What is NLP technology ? Technology Gyan

Natural Language Processing (NLP) is a technique used to help computers understand the natural language of humans.

It is not an easy task to understand how we communicate.



Leand Romaffe, a veteran software engineer passionate about teaching people how artificial intelligence systems work, says that "in recent years, there have been significant breakthroughs in empowering computers to understand language. Huh."

What is Natural Language Processing (NLP)?

Natural Language Processing, commonly shortened as (NLP), is a branch of artificial intelligence that deals with the interaction between computers and humans using natural language.

(NLP) is the way to read, understand, explain and create human languages.

Most (NLP) techniques rely on machine learning to extract meaning from human languages.

For example, Google Assistant, which is made from NLP Technique. 

What is Natural Language Processing?

definition of natural language processing

Natural Language Processing (Natural Language Processing) is that part of computer science and artificial intelligence, within which research is done on how to reconcile humans and computers.

It refers to the ability of a computer to understand human language.

Under this, the human language is automatically understood by the computer with the help of some software.

Research in this area has been going on for the last 50 years. As computers developed, more in-depth study began here.

Example: If you open a website, there is an option of an online assistant working automatically on a website. It works on the basis of natural language processing process.

Natural Language Processing in Artificial Intelligence

According to the modern point of view, NLP works on the basis of Deep Learning which is based on AI. Here different data patterns are used to understand a program.

The data collected under this response is prepared to be identified according to relevant correlations.

Earlier the NLP response used a role-based approach, taking a machine learning model. Many words and phrases were explained to the machine-based algorithm. The machine was then trained to give a specific response if a user used those words.

In NLP's deep learning feedback algorithms are trained to recognize user intentions based on examples.

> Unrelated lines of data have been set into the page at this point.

lemma ccc_addr_Cons [simp]:
  "ccc_addr n (x # r) \<longleftrightarrow> Suc (length r) < n \<and> x \<in> {1..8} \<and> set r \<subseteq> {2..8}"
  unfolding ccc_addr_def by (auto simp: set_conv_nth gr0_conv_Suc)

lemma ccc_addr_snoc:
  "ccc_addr n (p @ [i]) \<longleftrightarrow> Suc (length p) < n \<and> (if p = [] then i \<in> {1..8} else ccc_addr n p \<and> i \<in> {2..8})"
  by (cases p) auto

lemma ccc_addr_length: "ccc_addr n p \<Longrightarrow> length p < n"
  by (simp add: ccc_addr_def)

lemma ccc_addr_prefix: "ccc_addr n (c @ r) \<Longrightarrow> ccc_addr n c"
  by (cases c) (auto dest: ccc_addr_length)

lemma ccc_addr_butlast: "ccc_addr n c \<Longrightarrow> c \<noteq> [] \<Longrightarrow> ccc_addr n (butlast c) \<and> last c \<in> {1..8}"
  using ccc_addr_snoc[of n "butlast c" "last c"] by (auto split: if_splits)

locale crystal_cubic_carbon =
  fixes n :: nat
  assumes two_layers: "2 \<le> n"
begin

abbreviation V :: "(nat list \<times> nat) set" where "V \<equiv> ccc_verts n"
abbreviation E :: "nat list \<times> nat \<Rightarrow> nat list \<times> nat \<Rightarrow> bool" where "E \<equiv> ccc_adj n"

lemma in_V [simp]: "(p, i) \<in> V \<longleftrightarrow> ccc_addr n p \<and> i \<in> {1..8}"
  by (simp add: ccc_verts_def)

lemma adj_sym: "E x y \<Longrightarrow> E y x"
  by (auto simp: ccc_adj_def cube_adj_def)

lemma cube_walk:
  assumes "ccc_addr n p" "i \<in> {1..8}" "k \<in> {1..8}"
  shows "(E ^^ cube_dist i k) (p, i) (p, k)"
  using assms(2)
proof (induction "cube_dist i k" arbitrary: i)
  case 0
  then show ?case using cube_dist_step assms(3) by fastforce
next
  case (Suc m)
  then obtain j where j: "j \<in> {1..8}" "cube_adj i j" "cube_dist j k + 1 = cube_dist i k"
    using cube_dist_step assms(3) by (metis cube_dist_self nat.distinct(1))
  with Suc have "(E ^^ m) (p, j) (p, k)" by (metis Suc_eq_plus1 nat.inject)
  moreover have "E (p, i) (p, j)" using j Suc.prems assms(1) by (simp add: ccc_adj_def)
  ultimately show ?case using Suc.hyps(2) by (metis relpowp_Suc_I2)
qed

lemma parent_adj: "ccc_addr n c \<Longrightarrow> c \<noteq> [] \<Longrightarrow> E (c, 1) (butlast c, last c)"
  using ccc_addr_butlast by (simp add: ccc_adj_def ccc_verts_def)

lemma connected_to_root: "ccc_addr n p \<Longrightarrow> i \<in> {1..8} \<Longrightarrow> E\<^sup>*\<^sup>* (p, i) ([], 1)"
proof (induction "length p" arbitrary: p i)
  case 0
  then show ?case using cube_walk[of "[]" i 1] by (auto dest: relpowp_imp_rtranclp)
next
  case (Suc m)
  then have "p \<noteq> []" by auto
  have "E\<^sup>*\<^sup>* (p, i) (p, 1)" using cube_walk[of p i 1] Suc.prems by (auto dest: relpowp_imp_rtranclp)
  moreover have "E (p, 1) (butlast p, last p)" using parent_adj Suc.prems \<open>p \<noteq> []\<close> by blast
  moreover have "E\<^sup>*\<^sup>* (butlast p, last p) ([], 1)"
    using Suc ccc_addr_butlast \<open>p \<noteq> []\<close> by simp
  ultimately show ?case by (meson converse_rtranclp_into_rtranclp rtranclp_trans)
qed

end

sublocale crystal_cubic_carbon \<subseteq> connected_graph "ccc_verts n" "ccc_adj n"
proof
  fix x y
  show "E x y \<Longrightarrow> E y x" by (rule adj_sym)
  show "E x y \<Longrightarrow> x \<in> V" by (simp add: ccc_adj_def)
  assume "x \<in> V" "y \<in> V"
  then have "E\<^sup>*\<^sup>* x ([], 1)" "E\<^sup>*\<^sup>* y ([], 1)"
    using connected_to_root by (auto simp: ccc_verts_def)
  moreover have "symp E\<^sup>*\<^sup>*" using adj_sym by (intro symp_rtranclp sympI)
  ultimately show "E\<^sup>*\<^sup>* x y" by (metis sympD rtranclp_trans)
qed

context crystal_cubic_carbon
begin

definition subtree :: "nat list \<Rightarrow> (nat list \<times> nat) set" where
  "subtree c = {x \<in> V. \<exists>r. fst x = c @ r}"

lemma subtree_bridge:
  assumes "E x y" "x \<in> subtree c" "y \<notin> subtree c"
  shows "x = (c, 1) \<and> y = (butlast c, last c)"
proof -
  obtain p i q j where xy: "x = (p, i)" "y = (q, j)" by fastforce
  obtain r where p: "p = c @ r" using assms(2) xy by (auto simp: subtree_def)
  have "y \<in> V" using assms(1) adj_in_V adj_sym by blast
  then have q: "\<And>r'. q \<noteq> c @ r'" using assms(3) xy by (auto simp: subtree_def)
  have "(p = q \<and> cube_adj i j) \<or> (q = p @ [i] \<and> j = 1) \<or> (p = q @ [j] \<and> i = 1)"
    using assms(1) xy by (simp add: ccc_adj_def)
  with p q have pq: "p = q @ [j]" "i = 1" by auto
  have "r = []"
  proof (rule ccontr)
    assume "r \<noteq> []"
    then obtain r' t where "r = r' @ [t]" by (metis rev_exhaust)
    with p pq q show False by simp
  qed
  with p pq xy show ?thesis by auto
qed

lemma gdist_leave_subtree:
  assumes "c \<noteq> []" "a \<in> subtree c" "b \<in> V" "b \<notin> subtree c"
  shows "d a b = d a (c, 1) + 1 + d (butlast c, last c) b"
proof -
  have "ccc_addr n c" using assms(2) by (auto simp: subtree_def ccc_verts_def intro: ccc_addr_prefix)
  moreover have "subtree c \<subseteq> V" by (auto simp: subtree_def)
  ultimately show ?thesis
    using gdist_across_bridge[where S="subtree c", OF subtree_bridge parent_adj] assms by blast
qed

definition leaf :: "nat list \<Rightarrow> bool" where
  "leaf L \<longleftrightarrow> ccc_addr n L \<and> length L = n - 1"

lemma leaf_not_Nil: "leaf L \<Longrightarrow> L \<noteq> []"
  using two_layers by (auto simp: leaf_def)

lemma leaf_ccc_addr: "leaf L \<Longrightarrow> ccc_addr n L"
  by (simp add: leaf_def)

lemma leaf_in_V: "leaf L \<Longrightarrow> i \<in> {1..8} \<Longrightarrow> (L, i) \<in> V"
  by (simp add: leaf_def)

lemma subtree_leaf:
  assumes "leaf L"
  shows "x \<in> subtree L \<longleftrightarrow> x \<in> V \<and> fst x = L"
proof -
  have "r = []" if "x \<in> V" "fst x = L @ r" for r
  proof -
    have "length (L @ r) < n" using that by (cases x) (auto dest: ccc_addr_length)
    then show ?thesis using assms two_layers by (cases r) (auto simp: leaf_def)
  qed
  then show ?thesis by (auto simp: subtree_def)
qed

lemma gdist_in_leaf_cube:
  assumes "leaf L" "i \<in> {1..8}" "k \<in> {1..8}"
  shows "d (L, i) (L, k) = cube_dist i k"
proof (rule antisym)
  show "d (L, i) (L, k) \<le> cube_dist i k"
    using cube_walk[of L i k] assms by (simp add: leaf_def gdist_le)
  define f where "f x = (if fst x = L then cube_dist (snd x) k else cube_dist 1 k + 1)" for x
  have lip: "f x \<le> f y + 1" if "E x y" for x y
  proof -
    obtain p a q b where xy: "x = (p, a)" "y = (q, b)" by fastforce
    have "(p, a) \<in> V" "(q, b) \<in> V" using that xy adj_in_V adj_sym by blast+
    then have "length p < n" "length q < n" "a \<in> {1..8}" "b \<in> {1..8}"
      by (auto dest: ccc_addr_length)
    moreover have "(p = q \<and> cube_adj a b) \<or> (q = p @ [a] \<and> b = 1) \<or> (p = q @ [b] \<and> a = 1)"
      using that xy by (simp add: ccc_adj_def)
    ultimately show ?thesis
      using \<open>leaf L\<close> \<open>k \<in> {1..8}\<close> cube_dist_adj xy by (auto simp: f_def leaf_def)
  qed
  have "f (L, i) \<le> f (L, k) + d (L, i) (L, k)"
    using lipschitz_le_gdist[where f=f, OF lip leaf_in_V[OF assms(1,2)] leaf_in_V[OF assms(1,3)]] .
  then show "cube_dist i k \<le> d (L, i) (L, k)" by (simp add: f_def)
qed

This response has an easy-to-use and intuitive approach.

Importance of natural language processing

NLP is used to analyze human language by which machines can understand human language.

Due to the establishment of a conversational situation between humans and computers, many things have been benefited such as Automatic Text Summarization, Sentiment Analysis, Topic Analysis, Relationship Extraction, Entity of Names. Identity etc.

Apart from this, they are also used in text mining reaction, machine translation, question-and-answer session automatically.

examples of natural language processing

Enterprise search

Much of the research in NLP is based on what a customer is trying to search for. Under this, the questions of the customers are collected which they would ask while buying something from a shopkeeper. The machine is then prepared to answer accordingly.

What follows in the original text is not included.